Most fitness centers will allow visitors to purchase a day pass. If you plan on making swimming a regular part of your workout, this model won’t be more affordable than just getting a membership. But, it’s a valid option if exercise swimming is an occasional treat rather than a staple in your workout plan.

If you have a mobility complication that won’t be there for ever but also isn’t going away over the next few days, ask if the fitness center has a less-than-annual pass that will get you access to their facilities for a couple of weeks or months. 

We here at HTBM don’t have stock in fitness center membership but, for the record, these more affordable, shorter timeframe membership opportunities are a great way to get some exposure to fitness centers before deciding on full membership anyway. After all, you (probably) can’t put a pool in your home gym.

Boy Swimming breaststroke

Other Community Resources

If you don’t have access to a community pool or fitness center pool, it may be time to get creative. Think about other area institutions that might have a pool. 

Even though these locations might not be “public” many of them subsidize the cost of expensive health and fitness equipment (like pools) through offering paid community access. Prime examples include universities, hospitals, and even high schools. 

Keep in mind, however, that these institutions will plan open swims (if they offer open swims) around the schedules of their actual users and members. This means that their schedules may be restrictive. For example, your local high school might offer an open swim, but it might only be on the weekends. Your local hospital might offer open swim, but only in the evenings, &c.

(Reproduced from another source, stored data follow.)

lemma tail_quotient_le:
  fixes n M y \<mu> \<xi> :: real
  assumes \<mu>: "1 \<le> \<mu>" and n: "0 \<le> n" "n \<le> M / (1 + y\<^sup>2)\<^sup>2" and peetre: "jbr \<xi> \<le> 2 * jbr y * jbr \<mu>"
  shows "n / \<mu> \<le> 4 * M / jbr \<xi> * inverse (1 + y\<^sup>2)"
proof -
  have y: "0 < 1 + y\<^sup>2"
    by (simp add: add_pos_nonneg)
  have "0 \<le> M / (1 + y\<^sup>2)\<^sup>2"
    using n by linarith
  hence M: "0 \<le> M"
    using y by (simp add: zero_le_divide_iff)
  have "jbr y * jbr \<mu> \<le> (1 + y\<^sup>2) * (2 * \<mu>)"
    using jbr_le_1_plus_square[of y] jbr_le_2_abs[of \<mu>] jbr_pos[of y] jbr_pos[of \<mu>] \<mu>
    by (intro mult_mono) auto
  hence \<xi>: "jbr \<xi> \<le> 4 * \<mu> * (1 + y\<^sup>2)"
    using peetre by (simp add: algebra_simps)
  have "n / \<mu> \<le> M / (1 + y\<^sup>2)\<^sup>2 / \<mu>"
    using n \<mu> by (intro divide_right_mono) auto
  also have "\<dots> = 4 * M / (4 * \<mu> * (1 + y\<^sup>2) * (1 + y\<^sup>2))"
  proof -
    define z where "z = 1 + y\<^sup>2"
    have "z \<noteq> 0" "\<mu> \<noteq> 0"
      using y \<mu> unfolding z_def by auto
    hence "M / z\<^sup>2 / \<mu> = 4 * M / (4 * \<mu> * z * z)"
      by (simp add: power2_eq_square field_simps)
    thus ?thesis
      unfolding z_def .
  qed
  also have "\<dots> \<le> 4 * M / (jbr \<xi> * (1 + y\<^sup>2))"
    using \<xi> M \<mu> y jbr_pos[of \<xi>] by (intro divide_left_mono mult_right_mono mult_pos_pos) auto
  also have "\<dots> = 4 * M / jbr \<xi> * inverse (1 + y\<^sup>2)"
    by (simp add: field_simps)
  finally show ?thesis .
qed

Most of the access that most of us have to pools are in hotels. However, most hotels guard their pools more jealously than the Rangers of Ithilien guard the Forbidden Pool in Lord of the Rings.

The Water’s Fine!

If you don’t think about swimming as exercise it’s time you did. It won’t help you bulk muscle in the same way that lifting weights will, but it can target hard-to-reach muscles like nothing else can and it’s great for your overall health. The single biggest downside to exercise swimming is how hard it can be to find a pool.